HIGH pii leakageflaskbearer tokens

Pii Leakage in Flask with Bearer Tokens

Pii Leakage in Flask with Bearer Tokens — how this specific combination creates or exposes the vulnerability

In Flask APIs that use Bearer Tokens for authentication, PII leakage commonly arises when endpoints authenticate requests but then return sensitive user data without adequate authorization checks or output safeguards. A typical pattern is reading the token from the Authorization header, validating it (for example against a database or cache), and proceeding to expose user profile or account information. If route logic omits proper access controls, an attacker who obtains or guesses a valid token can view PII belonging to other users by manipulating identifiers or exploiting weak ownership checks. This risk is compounded when responses include fields such as email, phone, government ID, or internal user IDs that should be restricted to the authenticated subject only.

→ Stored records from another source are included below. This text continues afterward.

lemma C2_on_u: "C2_on S (\<lambda>(x, y, t). u x y t)"
proof -
  define Lx Ly Lt :: "(real \<times> real \<times> real) \<Rightarrow>\<^sub>L real"
    where "Lx = Blinfun fst" and "Ly = Blinfun (\<lambda>w. fst (snd w))" and "Lt = Blinfun (\<lambda>w. snd (snd w))"
  have "blinfun_apply Lx = fst" "blinfun_apply Ly = (\<lambda>w. fst (snd w))" "blinfun_apply Lt = (\<lambda>w. snd (snd w))"
    unfolding Lx_def Ly_def Lt_def
    by (auto intro!: bounded_linear_Blinfun_apply bounded_linear_fst
        bounded_linear_compose[OF bounded_linear_fst bounded_linear_snd]
        bounded_linear_compose[OF bounded_linear_snd bounded_linear_snd])
  then have "(\<lambda>(x, y, t). u x y t) = (\<lambda>w. f (Lt w) * wave \<kappa> (Lx w) + g (Lt w) * wave \<kappa>' (Ly w))"
    by (auto simp: u_def)
  moreover have "C2_on S (\<lambda>w. f (Lt w) * wave c (L w))"
    for c and L :: "(real \<times> real \<times> real) \<Rightarrow>\<^sub>L real"
    by (rule C2_on_mult_blinfun_comp[OF f_derivatives f_second_derivative_continuous
          wave_has_vector_derivative wave'_has_vector_derivative continuous_on_wave''])
  moreover have "C2_on S (\<lambda>w. g (Lt w) * wave c (L w))"
    for c and L :: "(real \<times> real \<times> real) \<Rightarrow>\<^sub>L real"
    by (rule C2_on_mult_blinfun_comp[OF g_derivatives g_second_derivative_continuous
          wave_has_vector_derivative wave'_has_vector_derivative continuous_on_wave''])
  ultimately show ?thesis
    by (simp add: C2_on_add)
qed
lemma minimal_outside_ideal_iff:
  assumes "(i, j) \<in> staircase n"
  shows "(\<forall>y\<in>staircase n - I. pleq y (i, j) \<longrightarrow> y = (i, j)) \<longleftrightarrow>
    (1 < i \<longrightarrow> (i - 1, j) \<in> I) \<and> (i < j \<longrightarrow> (i, j - 1) \<in> I)"
proof
  assume min: "\<forall>y\<in>staircase n - I. pleq y (i, j) \<longrightarrow> y = (i, j)"
  show "(1 < i \<longrightarrow> (i - 1, j) \<in> I) \<and> (i < j \<longrightarrow> (i, j - 1) \<in> I)"
  proof (intro conjI impI)
    assume "1 < i"
    then have "(i - 1, j) \<in> staircase n" and "pleq (i - 1, j) (i, j)"
      using assms by (auto simp: pleq_def)
    then show "(i - 1, j) \<in> I" using min \<open>1 < i\<close> by fastforce
  next
    assume "i < j"
    then have "(i, j - 1) \<in> staircase n" and "pleq (i, j - 1) (i, j)"
      using assms by (auto simp: pleq_def)
    then show "(i, j - 1) \<in> I" using min \<open>i < j\<close> by fastforce
  qed
next
  assume covers: "(1 < i \<longrightarrow> (i - 1, j) \<in> I) \<and> (i < j \<longrightarrow> (i, j - 1) \<in> I)"
  show "\<forall>y\<in>staircase n - I. pleq y (i, j) \<longrightarrow> y = (i, j)"
  proof (intro ballI impI)
    fix y assume "y \<in> staircase n - I" "pleq y (i, j)"
    then obtain a b where y: "y = (a, b)" and "1 \<le> a" "a \<le> b" "(a, b) \<notin> I" "a \<le> i" "b \<le> j"
      by (cases y) (auto simp: pleq_def)
    moreover have "(a, b) \<in> I" if "a < i"
      using covers that \<open>1 \<le> a\<close> \<open>a \<le> b\<close> \<open>b \<le> j\<close> by (auto elim: ideal_down_closed)
    moreover have "(a, b) \<in> I" if "b < j"
      using covers that \<open>1 \<le> a\<close> \<open>a \<le> b\<close> \<open>a \<le> i\<close> by (auto elim: ideal_down_closed)
    ultimately show "y = (i, j)" by fastforce
  qed
qed

lemma maximal_in_ideal_iff:
  assumes "(i, j) \<in> I"
  shows "(\<forall>y\<in>I. pleq (i, j) y \<longrightarrow> y = (i, j)) \<longleftrightarrow>
    (i < j \<longrightarrow> (i + 1, j) \<notin> I) \<and> (j < n \<longrightarrow> (i, j + 1) \<notin> I)"
proof
  assume "\<forall>y\<in>I. pleq (i, j) y \<longrightarrow> y = (i, j)"
  then show "(i < j \<longrightarrow> (i + 1, j) \<notin> I) \<and> (j < n \<longrightarrow> (i, j + 1) \<notin> I)"
    by (auto simp: pleq_def)
next
  assume covers: "(i < j \<longrightarrow> (i + 1, j) \<notin> I) \<and> (j < n \<longrightarrow> (i, j + 1) \<notin> I)"
  have ij: "1 \<le> i" "i \<le> j"
    using ideal_subset_staircase[OF assms] by auto
  show "\<forall>y\<in>I. pleq (i, j) y \<longrightarrow> y = (i, j)"
  proof (clarsimp simp: pleq_def)
    fix a b assume ab: "(a, b) \<in> I" "i \<le> a" "j \<le> b"
    have "a \<le> b" "b \<le> n"
      using ideal_subset_staircase[OF ab(1)] by auto
    have "(i + 1, j) \<in> I" if "i < a" "b = j"
      using ab that ij \<open>a \<le> b\<close> by (auto elim: ideal_down_closed)
    moreover have "(i, j + 1) \<in> I" if "j < b"
      using ab that ij by (auto elim: ideal_down_closed)
    ultimately show "a = i \<and> b = j"
      using covers ab \<open>a \<le> b\<close> \<open>b \<le> n\<close> by fastforce
  qed
qed
(* Let $T$ be an embedded plane tropical curve with dual subdivision $S_T$ of its Newton polygon $\Delta$. Let $\delta_1,\dots,\delta_k$ be all the triangles and parallelograms of $S_T$ and let $\delta_{k+1},\dots,\delta_l$ be all the other polygons of $S_T$, listed in any order. Then $$rk(T)\le\#Vert(S_T)-1-\sum_{\delta\in\{\delta_1,\dots,\delta_k\}}(\#Vert(\delta)-3)-\sum_{i=k+1}^{l}\Big(\#Vert(\delta_i)-\max\Big\{3,\ \#\Big(Vert(\delta_i)\cap\bigcup_{j<i}Vert(\delta_j)\Big)\Big\}\Big).$$
   Context: An embedded plane tropical curve $T$ is the corner locus of $\max_{\omega\in\Delta\cap\mathbb{Z}^2}(\langle\omega,x\rangle+c_\omega)$, $x\in\mathbb{R}^2$, with Newton polygon $\Delta$; $S_T$ is the dual subdivision (the regular subdivision of $\Delta$ induced by $\omega\mapsto c_\omega$), $Vert(S_T)$ its vertex set and $Vert(\delta)$ the vertex set of a polygon $\delta$. The rank $rk(T)$ is the dimension of the set of vectors $(c_\omega)_{\omega\in Vert(S_T)}$, modulo adding a common constant, that induce exactly the subdivision $S_T$ (the space of curves with the same dual subdivision). *)

theory Defs
  imports "HOL-Analysis.Analysis" "HOL-Library.Function_Algebras"
begin

definition rp :: "int \<times> int \<Rightarrow> real \<times> real" where
  "rp w = (real_of_int (fst w), real_of_int (snd w))"

text \<open>The tropical polynomial with (finite) support A and coefficients c, i.e.
  max over w in A of (<w,x> + c w).  Monomials outside A have coefficient minus infinity.\<close>

definition trop_eval :: "(int \<times> int) set \<Rightarrow> (int \<times> int \<Rightarrow> real) \<Rightarrow> real \<times> real \<Rightarrow> real" where
  "trop_eval A c x = Max ((\<lambda>w. fst (rp w) * fst x + snd (rp w) * snd x + c w) ` A)"

definition trop_argmax :: "(int \<times> int) set \<Rightarrow> (int \<times> int \<Rightarrow> real) \<Rightarrow> real \<times> real \<Rightarrow> (int \<times> int) set" where
  "trop_argmax A c x = {w \<in> A. fst (rp w) * fst x + snd (rp w) * snd x + c w = trop_eval A c x}"

text \<open>This is the regular subdivision induced by c.\<close>

definition dual_polys :: "(int \<times> int) set \<Rightarrow> (int \<times> int \<Rightarrow> real) \<Rightarrow> (real \<times> real) set set" where
  "dual_polys A c = {convex hull (rp ` trop_argmax A c x) | x.
                       aff_dim (convex hull (rp ` trop_argmax A c x)) = 2}"

definition poly_vert :: "(real \<times> real) set \<Rightarrow> (int \<times> int) set" where
  "poly_vert P = {w. rp w extreme_point_of P}"

definition subdiv_vert :: "(int \<times> int) set \<Rightarrow> (int \<times> int \<Rightarrow> real) \<Rightarrow> (int \<times> int) set" where
  "subdiv_vert A c = (\<Union>P \<in> dual_polys A c. poly_vert P)"

definition is_triangle :: "(real \<times> real) set \<Rightarrow> bool" where
  "is_triangle P \<longleftrightarrow> card (poly_vert P) = 3"

definition is_parallelogram :: "(real \<times> real) set \<Rightarrow> bool" where
  "is_parallelogram P \<longleftrightarrow> (\<exists>p q r s. poly_vert P = {p, q, r, s} \<and> card {p, q, r, s} = 4
                                   \<and> p + r = q + s)"

text \<open>Coefficient vectors indexed by V are functions vanishing outside V; they form a
  real vector space under pointwise operations.\<close>

definition fscale :: "real \<Rightarrow> ('a \<Rightarrow> real) \<Rightarrow> ('a \<Rightarrow> real)" where
  "fscale r f = (\<lambda>x. r * f x)"

definition same_subdiv_coeffs :: "(int \<times> int) set \<Rightarrow> (int \<times> int \<Rightarrow> real) \<Rightarrow> (int \<times> int \<Rightarrow> real) set" where
  "same_subdiv_coeffs A c =
     (let V = subdiv_vert A c in
      {c'. (\<forall>w. w \<notin> V \<longrightarrow> c' w = 0) \<and> dual_polys V c' = dual_polys A c})"

text \<open>Rank: dimension of that set modulo adding a common constant (on V), i.e. the
  dimension of the direction space of its affine hull, taken in the quotient by the
  constant vector.\<close>

definition trop_rank :: "(int \<times> int) set \<Rightarrow> (int \<times> int \<Rightarrow> real) \<Rightarrow> int" where
  "trop_rank A c =
     (let V = subdiv_vert A c; R = same_subdiv_coeffs A c in
      int (vector_space.dim fscale
             ({c1 - c2 | c1 c2. c1 \<in> R \<and> c2 \<in> R} \<union> {(\<lambda>w. if w \<in> V then 1 else 0)})) - 1)"

end

theory Submission
  imports Defs
begin

text \<open>Coefficient vectors of curves with the subdivision \<open>S\<^sub>T\<close>, and the constant vector,
  lie in the space \<open>L\<close> of functions on \<open>Vert(S\<^sub>T)\<close> that are affine on the vertex set of
  every cell, so \<open>rk(T) \<le> dim L - 1\<close>. A function in \<open>L\<close> is determined by its values on a
  set of free vertices obtained by discarding forced vertices cell by cell: in a large cell
  all but \<open>max 3 #old\<close> of its vertices, since three non-collinear values fix an affine
  function; in a parallelogram \<open>pqrs\<close> one vertex, forced by \<open>f p + f r = f q + f s\<close>.
  The discarded vertex of a parallelogram is chosen so that the parallelogram comes first,
  in the lexicographic order of dual vertices, among the cells containing it; this makes the
  dependencies acyclic.\<close>

interpretation fs: vector_space fscale
  by unfold_locales (auto simp: fscale_def fun_eq_iff algebra_simps)

lemma fscale_apply [simp]: "fscale r f x = r * f x"
  by (simp add: fscale_def)

lemma rp_eq_iff [simp]: "rp u = rp v \<longleftrightarrow> u = v"
  by (auto simp: rp_def prod_eq_iff)

lemma rp_add: "rp (u + v) = rp u + rp v"
  by (simp add: rp_def)

section \<open>Affine functions on the vertices of a polygon\<close>

lemma collinear_if_on_line:
  fixes S :: "(real \<times> real) set"
  assumes "n \<noteq> 0" and "\<And>t. t \<in> S \<Longrightarrow> n \<bullet> t + \<gamma> = 0"
  shows "collinear S"
  unfolding collinear_def
proof (intro exI[of _ "(- snd n, fst n)"] ballI)
  fix x y assume "x \<in> S" "y \<in> S"
  then have "n \<bullet> x + \<gamma> = 0" "n \<bullet> y + \<gamma> = 0" using assms(2) by auto
  then have orth: "fst n * (fst x - fst y) + snd n * (snd x - snd y) = 0"
    by (simp add: inner_prod_def algebra_simps)
  have N: "fst n * fst n + snd n * snd n \<noteq> 0"
    using assms(1) by (metis prod_eq_iff sum_squares_eq_zero_iff zero_prod_def fst_zero snd_zero)
  let ?t = "(fst n * (snd x - snd y) - snd n * (fst x - fst y)) / (fst n * fst n + snd n * snd n)"
  have "x - y = ?t *\<^sub>R (- snd n, fst n)"
    using orth N by (auto simp: prod_eq_iff field_simps) algebra+
  then show "\<exists>t. x - y = t *\<^sub>R (- snd n, fst n)" by blast
qed

lemma not_extreme_point_if_between:
  assumes "between (a, b) x" "x \<noteq> a" "x \<noteq> b" "a \<in> S" "b \<in> S"
  shows "\<not> x extreme_point_of S"
  using assms by (auto simp: extreme_point_of_def between_mem_segment open_segment_def)

lemma affine_zero_at_three_vertices:
  assumes "{u, v, w} \<subseteq> poly_vert P" "u \<noteq> v" "u \<noteq> w" "v \<noteq> w"
    and "\<And>t. t \<in> {u, v, w} \<Longrightarrow> n \<bullet> rp t + \<gamma> = 0"
  shows "n = 0"
proof (rule ccontr)
  assume "n \<noteq> 0"
  have "collinear {rp u, rp v, rp w}"
    by (rule collinear_if_on_line[OF \<open>n \<noteq> 0\<close>, of _ \<gamma>]) (use assms(5) in blast)
  then have "between (rp v, rp w) (rp u) \<or> between (rp w, rp u) (rp v) \<or> between (rp u, rp v) (rp w)"
    by (simp add: collinear_between_cases)
  moreover have "rp u extreme_point_of P" "rp v extreme_point_of P" "rp w extreme_point_of P"
    using assms(1) by (auto simp: poly_vert_def)
  moreover from this have "rp u \<in> P" "rp v \<in> P" "rp w \<in> P"
    by (auto simp: extreme_point_of_def)
  ultimately show False
    using not_extreme_point_if_between assms(2-4) by (metis rp_eq_iff)
qed

section \<open>Lexicographically positive cones\<close>

definition lex_pos :: "real \<times> real \<Rightarrow> bool" where
  "lex_pos z \<longleftrightarrow> 0 < fst z \<or> (fst z = 0 \<and> 0 < snd z)"

definition lex_less :: "real \<times> real \<Rightarrow> real \<times> real \<Rightarrow> bool" where
  "lex_less x y \<longleftrightarrow> lex_pos (y - x)"

lemma lex_less_irrefl: "\<not> lex_less x x"
  by (simp add: lex_less_def lex_pos_def)

lemma lex_less_asym: "lex_less x y \<Longrightarrow> \<not> lex_less y x"
  by (auto simp: lex_less_def lex_pos_def)

lemma lex_less_trans: "lex_less x y \<Longrightarrow> lex_less y z \<Longrightarrow> lex_less x z"
  by (auto simp: lex_less_def lex_pos_def)

lemma lex_pos_scaleR_iff: "0 < t \<Longrightarrow> lex_pos (t *\<^sub>R z) \<longleftrightarrow> lex_pos z"
  by (auto simp: lex_pos_def zero_less_mult_iff)

lemma lex_pos_sign: "z \<noteq> 0 \<Longrightarrow> \<exists>e. (e = 1 \<or> e = -1) \<and> lex_pos (e *\<^sub>R z)"
  by (cases "lex_pos z") (auto simp: lex_pos_def prod_eq_iff)

lemma lex_pos_nonneg_combination:
  assumes "lex_pos u" "lex_pos w" "0 \<le> s" "0 \<le> t" "s \<noteq> 0 \<or> t \<noteq> 0"
  shows "lex_pos (s *\<^sub>R u + t *\<^sub>R w)"
  using assms unfolding lex_pos_def
  by (auto simp: add_pos_nonneg add_nonneg_pos mult_pos_pos zero_less_mult_iff
      order.order_iff_strict mult_nonneg_nonneg)

text \<open>Cramer's rule gives \<open>d z = (a \<bullet> z) u + (b \<bullet> z) w\<close> with \<open>(u, w)\<close> the columns
  of the adjugate; choosing the signs so that \<open>\<pm> d u\<close> and \<open>\<pm> d w\<close> are lexicographically
  positive makes \<open>d\<^sup>2 z\<close> a nonnegative combination of them.\<close>

lemma cone_lex_pos:
  fixes a b :: "real \<times> real"
  assumes det: "fst a * snd b - snd a * fst b \<noteq> 0"
  obtains e1 e2 :: real where "e1 = 1 \<or> e1 = -1" "e2 = 1 \<or> e2 = -1"
    and "\<And>z. z \<noteq> 0 \<Longrightarrow> 0 \<le> e1 * (a \<bullet> z) \<Longrightarrow> 0 \<le> e2 * (b \<bullet> z) \<Longrightarrow> lex_pos z"
proof -
  define d where "d = fst a * snd b - snd a * fst b"
  define u where "u = (snd b, - fst b)"
  define w where "w = (- snd a, fst a)"
  have adj: "d *\<^sub>R z = (a \<bullet> z) *\<^sub>R u + (b \<bullet> z) *\<^sub>R w" for z
    by (simp add: d_def u_def w_def inner_prod_def prod_eq_iff algebra_simps)
  have "u \<noteq> 0" "w \<noteq> 0"
    using det by (auto simp: u_def w_def prod_eq_iff)
  with det obtain e1 e2 :: real where e: "e1 = 1 \<or> e1 = -1" "e2 = 1 \<or> e2 = -1"
    and pos: "lex_pos (e1 *\<^sub>R (d *\<^sub>R u))" "lex_pos (e2 *\<^sub>R (d *\<^sub>R w))"
    using lex_pos_sign[of "d *\<^sub>R u"] lex_pos_sign[of "d *\<^sub>R w"] by (auto simp: d_def)
  show thesis
  proof (rule that[OF e])
    fix z :: "real \<times> real"
    assume z: "z \<noteq> 0" "0 \<le> e1 * (a \<bullet> z)" "0 \<le> e2 * (b \<bullet> z)"
    have "(d * d) *\<^sub>R z = d *\<^sub>R ((a \<bullet> z) *\<^sub>R u + (b \<bullet> z) *\<^sub>R w)"
      by (simp flip: adj)
    also have "\<dots> = (e1 * (a \<bullet> z)) *\<^sub>R (e1 *\<^sub>R (d *\<^sub>R u)) + (e2 * (b \<bullet> z)) *\<^sub>R (e2 *\<^sub>R (d *\<^sub>R w))"
      using e by (elim disjE) (simp_all add: scaleR_add_right mult.commute)
    finally have "(d * d) *\<^sub>R z = \<dots>" .
    moreover have "e1 * (a \<bullet> z) \<noteq> 0 \<or> e2 * (b \<bullet> z) \<noteq> 0"
      using adj[of z] z(1) det e by (auto simp: d_def)
    ultimately have "lex_pos ((d * d) *\<^sub>R z)"
      using lex_pos_nonneg_combination[OF pos z(2,3)] by simp
    moreover have "0 < d * d"
      using det by (simp flip: d_def add: not_square_less_zero order_less_le)
    ultimately show "lex_pos z"
      using lex_pos_scaleR_iff by blast
  qed
qed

Even when tokens are validated, leakage can occur through misconfigured serialization, verbose error messages, or improper logging that exposes tokens or associated PII in server logs or error responses. Flask’s default JSON encoder may inadvertently serialize sensitive fields if the response model is not carefully defined. For instance, an endpoint like /users/<user_id> that uses a token to identify the requester might fail to ensure that the requested user_id matches the token’s subject, allowing horizontal privilege escalation and broad PII exposure. Compounded with missing rate limiting or weak audit trails, an attacker can probe multiple user IDs to harvest large datasets of PII without triggering defenses.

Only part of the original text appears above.